Видно было, что его эта история лично задела. Потом выяснилось, что в претензии к автору был бывший сотрудник КГБ.
Сегодня-то мы знаем, что жизнь по части иронии превзошла вымысел. Стражники становятся губернаторами, а то и бери выше.
…За окном «Дома, который построил Свифт» лица горожан, равнодушно взирающие на Доктора и на нас.
Вот они — настоящие «еху»! Вглядитесь в эти тупые физиономии… Их ничто не волнует, ничто не может растормошить! Свифт окружен стеной непонимания!! Он нанял актеров, чтобы те несли людям его мысли. Но наш губернатор оказался хитрее — он нанял зрителей!.. Круг замкнулся!..

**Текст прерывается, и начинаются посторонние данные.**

lemma lG_le_card_Lset: "finite V \<Longrightarrow> E u v \<Longrightarrow> lG V E \<le> card (Lset V E u v)"
  unfolding lG_def by (rule Min_le) (auto simp: finite_card_Lset_values)

lemma lG_attained:
  assumes "finite V" "E u v"
  shows "\<exists>a b. E a b \<and> card (Lset V E a b) = lG V E"
proof -
  have "lG V E \<in> {card (Lset V E u v) | u v. E u v}"
    unfolding lG_def using assms by (intro Min_in finite_card_Lset_values) auto
  then show ?thesis unfolding mem_Collect_eq by metis
qed

lemma lG_eq_if_card_Lset_const:
  assumes "E u v" "\<And>a b. E a b \<Longrightarrow> card (Lset V E a b) = m"
  shows "lG V E = m"
proof -
  have "{card (Lset V E a b) | a b. E a b} = {m}" using assms by blast
  then show ?thesis unfolding lG_def by simp
qed

locale connected_simple_graph =
  fixes V :: "'a set" and E :: "'a \<Rightarrow> 'a \<Rightarrow> bool"
  assumes simple: "simple_graph V E" and connected: "connected_graph V E"
begin

abbreviation d where "d \<equiv> dist V E"

lemma edge_in_V: "E u v \<Longrightarrow> u \<in> V \<and> v \<in> V"
  using simple unfolding simple_graph_def by blast

lemma edge_commute: "E u v \<Longrightarrow> E v u"
  using simple unfolding simple_graph_def by blast

lemma no_loop: "\<not> E u u"
  using simple unfolding simple_graph_def by blast

lemma finite_V: "finite V"
  using simple unfolding simple_graph_def by blast

lemma walk_in_V: "walk E p m a b \<Longrightarrow> a \<in> V \<Longrightarrow> t \<le> m \<Longrightarrow> p t \<in> V"
proof (cases t)
  case (Suc s)
  assume "walk E p m a b" "t \<le> m"
  then have "E (p s) (p t)" using Suc unfolding walk_def by auto
  then show ?thesis using edge_in_V by blast
qed (auto simp: walk_def)

lemma walk_between_iff: "walk_between V E a b m \<longleftrightarrow> a \<in> V \<and> (\<exists>p. walk E p m a b)"
proof
  assume "walk_between V E a b m"
  then obtain xs where xs: "is_walk V E xs" "hd xs = a" "last xs = b" "length xs = Suc m"
    unfolding walk_between_def by blast
  have "a \<in> V" using xs by (metis hd_in_set is_walk_def subsetD)
  moreover have "walk E ((!) xs) m a b" using xs unfolding walk_def is_walk_def
    by (auto simp: hd_conv_nth last_conv_nth)
  ultimately show "a \<in> V \<and> (\<exists>p. walk E p m a b)" by blast
next
  assume "a \<in> V \<and> (\<exists>p. walk E p m a b)"
  then obtain p where a: "a \<in> V" and p: "walk E p m a b" by blast
  let ?xs = "map p [0..<Suc m]"
  have "is_walk V E ?xs" unfolding is_walk_def
  proof (intro conjI allI impI)
    show "set ?xs \<subseteq> V" using walk_in_V[OF p a] by auto
    fix i assume "Suc i < length ?xs"
    then show "E (?xs ! i) (?xs ! Suc i)" using p unfolding walk_def
      by (simp del: upt_Suc add: nth_map_upt)
  qed simp
  moreover have "hd ?xs = a" using p by (simp del: upt_Suc add: walk_def hd_map upt_conv_Cons)
  moreover have "last ?xs = b" using p by (simp add: walk_def)
  ultimately show "walk_between V E a b m" unfolding walk_between_def
    by (metis length_map length_upt minus_nat.diff_0)
qed

lemma shortest_walk: assumes "a \<in> V" "b \<in> V" shows "\<exists>p. walk E p (d a b) a b"
proof -
  have "\<exists>n. walk_between V E a b n" using connected assms unfolding connected_graph_def by blast
  then have "walk_between V E a b (d a b)" unfolding dist_def by (rule LeastI_ex)
  then show ?thesis using walk_between_iff by blast
qed

lemma dist_le_walk: "a \<in> V \<Longrightarrow> walk E p m a b \<Longrightarrow> d a b \<le> m"
  unfolding dist_def by (rule Least_le) (use walk_between_iff in blast)

lemma dist_self: "a \<in> V \<Longrightarrow> d a a = 0"
  using dist_le_walk[of a "\<lambda>_. a" 0 a] by (simp add: walk_def)

lemma dist_eq_0_imp_eq: "a \<in> V \<Longrightarrow> b \<in> V \<Longrightarrow> d a b = 0 \<Longrightarrow> a = b"
  using shortest_walk[of a b] by (auto simp: walk_def)

lemma dist_commute: assumes "a \<in> V" "b \<in> V" shows "d a b = d b a"
proof -
  have "d b a \<le> d a b" if ab: "a \<in> V" "b \<in> V" for a b
  proof -
    obtain p where "walk E p (d a b) a b" using shortest_walk[OF ab] by blast
    from walk_reverse[OF this edge_commute] show ?thesis using dist_le_walk ab by blast
  qed
  then show ?thesis using assms by (meson le_antisym)
qed

lemma edge_iff_dist_eq_1: assumes "a \<in> V" "b \<in> V" shows "E a b \<longleftrightarrow> d a b = 1"
proof
  assume e: "E a b"
  have "d a b \<le> 1" using dist_le_walk[OF assms(1) walk_edge[of E, OF e]] .
  moreover have "d a b \<noteq> 0" using dist_eq_0_imp_eq assms e no_loop by blast
  ultimately show "d a b = 1" by simp
next
  assume "d a b = 1"
  then obtain p where "walk E p 1 a b" using shortest_walk assms by fastforce
  then show "E a b" unfolding walk_def by auto
qed

lemma dist_le_edge_dist: assumes "E a b" "x \<in> V" shows "d a x \<le> d b x + 1"
proof -
  obtain p where "walk E p (d b x) b x" using shortest_walk edge_in_V assms by blast
  from walk_append[OF walk_edge[of E, OF assms(1)] this] obtain r where "walk E r (1 + d b x) a x"
    by blast
  then show ?thesis using dist_le_walk edge_in_V assms by fastforce
qed

lemma closed_walk_dist_le_cycle_dist:
  assumes c: "walk E c L z z" and z: "z \<in> V" and "i \<le> L" "j \<le> L"
  shows "d (c i) (c j) \<le> cycle_dist L i j"
proof -
  have "i \<le> L \<longrightarrow> j \<le> L \<longrightarrow> d (c i) (c j) \<le> cycle_dist L i j"
  proof (rule linorder_wlog[where P = "\<lambda>i j. i \<le> L \<longrightarrow> j \<le> L \<longrightarrow> d (c i) (c j) \<le> cycle_dist L i j"])
    fix i j :: nat assume ij: "i \<le> j"
    show "i \<le> L \<longrightarrow> j \<le> L \<longrightarrow> d (c i) (c j) \<le> cycle_dist L i j"
    proof (intro impI)
      assume "i \<le> L" "j \<le> L"
      then have V: "c i \<in> V" "c j \<in> V" using walk_in_V[OF c z] by auto
      have "d (c i) (c j) \<le> j - i" using dist_le_walk[OF V(1) walk_subwalk[OF c ij \<open>j \<le> L\<close>]] .
      moreover obtain r where "walk E r (L - (j - i)) (c j) (c i)"
        using closed_walk_complementary_arc[OF c ij \<open>j \<le> L\<close>] by blast
      then have "d (c j) (c i) \<le> L - (j - i)" using dist_le_walk V(2) by blast
      then have "d (c i) (c j) \<le> L - (j - i)" using dist_commute[OF V] by simp
      ultimately show "d (c i) (c j) \<le> cycle_dist L i j"
        unfolding cycle_dist_def Let_def using ij by simp
    qed
  next
    fix i j :: nat assume ji: "j \<le> L \<longrightarrow> i \<le> L \<longrightarrow> d (c j) (c i) \<le> cycle_dist L j i"
    show "i \<le> L \<longrightarrow> j \<le> L \<longrightarrow> d (c i) (c j) \<le> cycle_dist L i j"
    proof (intro impI)
      assume "i \<le> L" "j \<le> L"
      then have "d (c i) (c j) = d (c j) (c i)" using walk_in_V[OF c z] dist_commute by blast
      then show "d (c i) (c j) \<le> cycle_dist L i j"
        using ji \<open>i \<le> L\<close> \<open>j \<le> L\<close> by (simp add: cycle_dist_commute)
    qed
  qed
  with assms show ?thesis by blast
qed

lemma odd_closed_walk_through_edge:
  assumes e: "E a b" and x: "x \<in> V" "d a x = d b x"
  shows "\<exists>c. walk E c (2 * d a x + 1) a a"
proof -
  have ab: "a \<in> V" "b \<in> V" using edge_in_V e by auto
  obtain p where p: "walk E p (d a x) a x" using shortest_walk ab(1) x(1) by blast
  obtain q where "walk E q (d a x) b x" using shortest_walk ab(2) x by metis
  from walk_append[OF p walk_reverse[OF this edge_commute]]
  obtain r where "walk E r (d a x + d a x) a b" by blast
  from walk_append[OF this walk_edge[of E, OF edge_commute[OF e]]] show ?thesis
    by (simp add: mult_2)
qed

text \<open>A shorter closed walk through a chord of \<open>C\<close> would be odd on one of the two sides.\<close>

lemma shortest_odd_closed_walk_isometric:
  assumes c: "walk E c L z z" and z: "z \<in> V" and "odd L"
    and shortest: "\<And>c' z' M. walk E c' M z' z' \<Longrightarrow> z' \<in> V \<Longrightarrow> odd M \<Longrightarrow> L \<le> M"
    and "i \<le> L" "j \<le> L"
  shows "d (c i) (c j) = cycle_dist L i j"
proof -
  have "i \<le> L \<longrightarrow> j \<le> L \<longrightarrow> cycle_dist L i j \<le> d (c i) (c j)"
  proof (rule linorder_wlog[where P = "\<lambda>i j. i \<le> L \<longrightarrow> j \<le> L \<longrightarrow> cycle_dist L i j \<le> d (c i) (c j)"])
    fix i j :: nat assume ij: "i \<le> j"
    show "i \<le> L \<longrightarrow> j \<le> L \<longrightarrow> cycle_dist L i j \<le> d (c i) (c j)"
    proof (intro impI)
      assume "i \<le> L" "j \<le> L"
      then have V: "c i \<in> V" "c j \<in> V" using walk_in_V[OF c z] by auto
      define D where "D = d (c i) (c j)"
      obtain w where w: "walk E w D (c i) (c j)" using shortest_walk[OF V] D_def by blast
      obtain r1 where r1: "walk E r1 (j - i + D) (c i) (c i)"
        using walk_append[OF walk_subwalk[OF c ij \<open>j \<le> L\<close>] walk_reverse[OF w edge_commute]]
        by blast
      obtain arc where "walk E arc (L - (j - i)) (c j) (c i)"
        using closed_walk_complementary_arc[OF c ij \<open>j \<le> L\<close>] by blast
      from walk_append[OF this w]
      obtain r2 where r2: "walk E r2 (L - (j - i) + D) (c j) (c j)" by blast
      have "odd (j - i + D) \<or> odd (L - (j - i) + D)"
        using \<open>odd L\<close> \<open>j \<le> L\<close> ij by presburger
      then have "L \<le> j - i + D \<or> L \<le> L - (j - i) + D" using shortest r1 r2 V by blast
      then show "cycle_dist L i j \<le> D" unfolding cycle_dist_def Let_def using ij by auto
    qed
  next
    fix i j :: nat assume ji: "j \<le> L \<longrightarrow> i \<le> L \<longrightarrow> cycle_dist L j i \<le> d (c j) (c i)"
    show "i \<le> L \<longrightarrow> j \<le> L \<longrightarrow> cycle_dist L i j \<le> d (c i) (c j)"
    proof (intro impI)
      assume "i \<le> L" "j \<le> L"
      then have "d (c i) (c j) = d (c j) (c i)" using walk_in_V[OF c z] dist_commute by blast
      then show "cycle_dist L i j \<le> d (c i) (c j)"
        using ji \<open>i \<le> L\<close> \<open>j \<le> L\<close> by (simp add: cycle_dist_commute)
    qed
  qed
  with closed_walk_dist_le_cycle_dist[OF c z] assms show ?thesis by (meson le_antisym)
qed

Ну, не совсем. Захотелось чуточку поправить моего любимого автора:
— Наш губернатор нанял телезрителей.
Любимец Бога
Недорассказанная притча о царе Соломоне, — самом, может, изысканном легендарном мудреце…
Что касается фабулы, то она обрывается на самом интересном месте. Следует сцена официального свидания при стечении народных масс.
Они обнялись и расцеловались, чем вызвали всплеск ликования толпы… Солнце опустилось за стену городских ворот, и Иерусалим начал быстро погружаться во тьму…
Это последние строчки сценария. Фабула погрузилась во тьму, но контуры сюжета более или менее очевидны. Как и пообещал автор: «…многое уже ясно».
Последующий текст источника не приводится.